Trust is taught and built when you least expect it. It isn’t in the large, loud, dramatic moments. It happens in the quiet, everyday-ness of life. It is taught through demonstration and not by lectures, never by punishment.
Show your children trust by keeping their private lives private. Ask their permission before posting on social media and don’t post if they don’t give their permission. Don’t talk about their every misstep with all of your friends and relatives. It is ironic that adults wouldn’t want their loved ones to call the neighbors every time they made a mistake, but we do that to children. If you wouldn’t want your children to tell their peers when you misbehave, don’t do it to them.
When your children as a question, tell them the truth. They won’t ask until they are ready to hear the answer. They will ask about the tooth fairy, Santa and other childhood stories when they want to know. If you have built a good relationship, they may ask you about sexuality, drinking and drugs. They need to know simple truth from you.
Keep every one of your promises. Don’t even hint about things you may not be able to do. Children believe you when you say you will take them to the park or buy a new toy…until they can’t believe you anymore. Show them that you only say what is possible and that you are one of the very few people in this word that they can count on.
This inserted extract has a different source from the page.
(* Let $\gamma$ be a meromorphic family in $\mathrm{GL}_n(\mathbb C)$ with exponents $m_1\ge\dots\ge m_n$. Then (a) for each $j=0,1,\dots,n$ the limit $\mathcal L^j=\lim_{z\to0}z^{m_1+\dots+m_j}\lambda^j_{\mathrm{cha}}(\gamma(z))$ exists in $\mathrm{Mat}(\Lambda^jV)$ and is nonzero; (b) $\mathcal L^j=\mathcal L^j(\mathcal P^\gamma)$ for all $j$, where $\mathcal P^\gamma$ is the hinge attached to $\gamma$.
   Context: $V=\mathbb C^n$; $\lambda^j_{\mathrm{cha}}(A):\Lambda^jV\to\Lambda^jV$, $v_1\wedge\dots\wedge v_j\mapsto Av_1\wedge\dots\wedge Av_j$. A meromorphic family is a map $\gamma$ from a punctured disc $0<|z|<\varepsilon$ to $\mathrm{GL}_n(\mathbb C)$ with matrix entries holomorphic there and with poles or removable singularities at $0$; it can be written $\gamma(z)=a(z)\,\mathrm{diag}(z^{-m_1},\dots,z^{-m_n})\,b(z)$ with $a,b$ holomorphic near $0$, $a(0),b(0)$ invertible, and uniquely determined integers $m_1\ge\dots\ge m_n$ (the exponents). Let $k_1>\dots>k_\tau$ be the distinct exponents; $\mathcal P^\gamma=(P_1,\dots,P_\tau)$ with $P_j=\lim_{z\to0}\mathrm{graph}(z^{k_j}\gamma(z))$ in the Grassmannian of $n$-dimensional subspaces of $V\oplus V$; this is a hinge. For a subspace $P\subset V\oplus V$: $\mathrm{Ker}\,P=\{v:v\oplus0\in P\}$, $\mathrm{Dom}\,P$, $\mathrm{Im}\,P$ the projections to the first/second summands, $\mathrm{Indef}\,P=\{w:0\oplus w\in P\}$, $\mathrm{rk}\,P=\dim\mathrm{Dom}\,P-\dim\mathrm{Ker}\,P$. If $\dim P=n$, choose bases $f_1,\dots,f_a,g_1,\dots,g_b,h_1,\dots,h_c$ and $F_1,\dots,F_a,G_1,\dots,G_b,H_1,\dots,H_c$ of $V$ with $P$ spanned by $0\oplus F_i$, $g_j\oplus G_j$, $h_k\oplus0$; $\lambda(P):\Lambda V\to\Lambda V$ maps $f_1\wedge\dots\wedge f_a\wedge g_{i_1}\wedge\dots\wedge g_{i_s}$ ($i_1<\dots<i_s$) to $F_1\wedge\dots\wedge F_a\wedge G_{i_1}\wedge\dots\wedge G_{i_s}$ and kills the other basis monomials; it is defined up to a nonzero scalar; $\lambda^m(P)$ is its restriction to $\Lambda^mV$. A hinge is a sequence $(P_1,\dots,P_k)$ of $n$-dimensional subspaces with $\mathrm{Ker}\,P_j=\mathrm{Dom}\,P_{j+1}$, $\mathrm{Im}\,P_j=\mathrm{Indef}\,P_{j+1}$, $\mathrm{Dom}\,P_1=V$, $\mathrm{Im}\,P_k=V$, $\mathrm{rk}\,P_j>0$. Then $P_1$ is the graph of an invertible $A$; normalize $\lambda(P_1)=\lambda_{\mathrm{cha}}(A)$ and inductively $\lambda(P_{j+1})$ so that $\lambda^{s_j}(P_{j+1})=\lambda^{s_j}(P_j)$, where $s_j=\dim\mathrm{Im}\,P_j$ (these are nonzero and proportional). $\mathcal L^m(\mathcal P)$ is the normalized $\lambda^m(P_j)$ for any $j$ with $\lambda^m(P_j)\ne0$ (well defined). *)

theory Defs
  imports "HOL-Complex_Analysis.Complex_Analysis"
begin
The pivotal moments in every relationship are the moments we barely think about. They are the moments when you kept your word or you didn’t. They are the moments when you chose not to gossip but to do what you say by keeping some things in the family. Trust is built by respecting the needs, privacy and humanity of others. It’s true for you in your adult relationships and it’s how you build a lifelong trusting relationship with your children.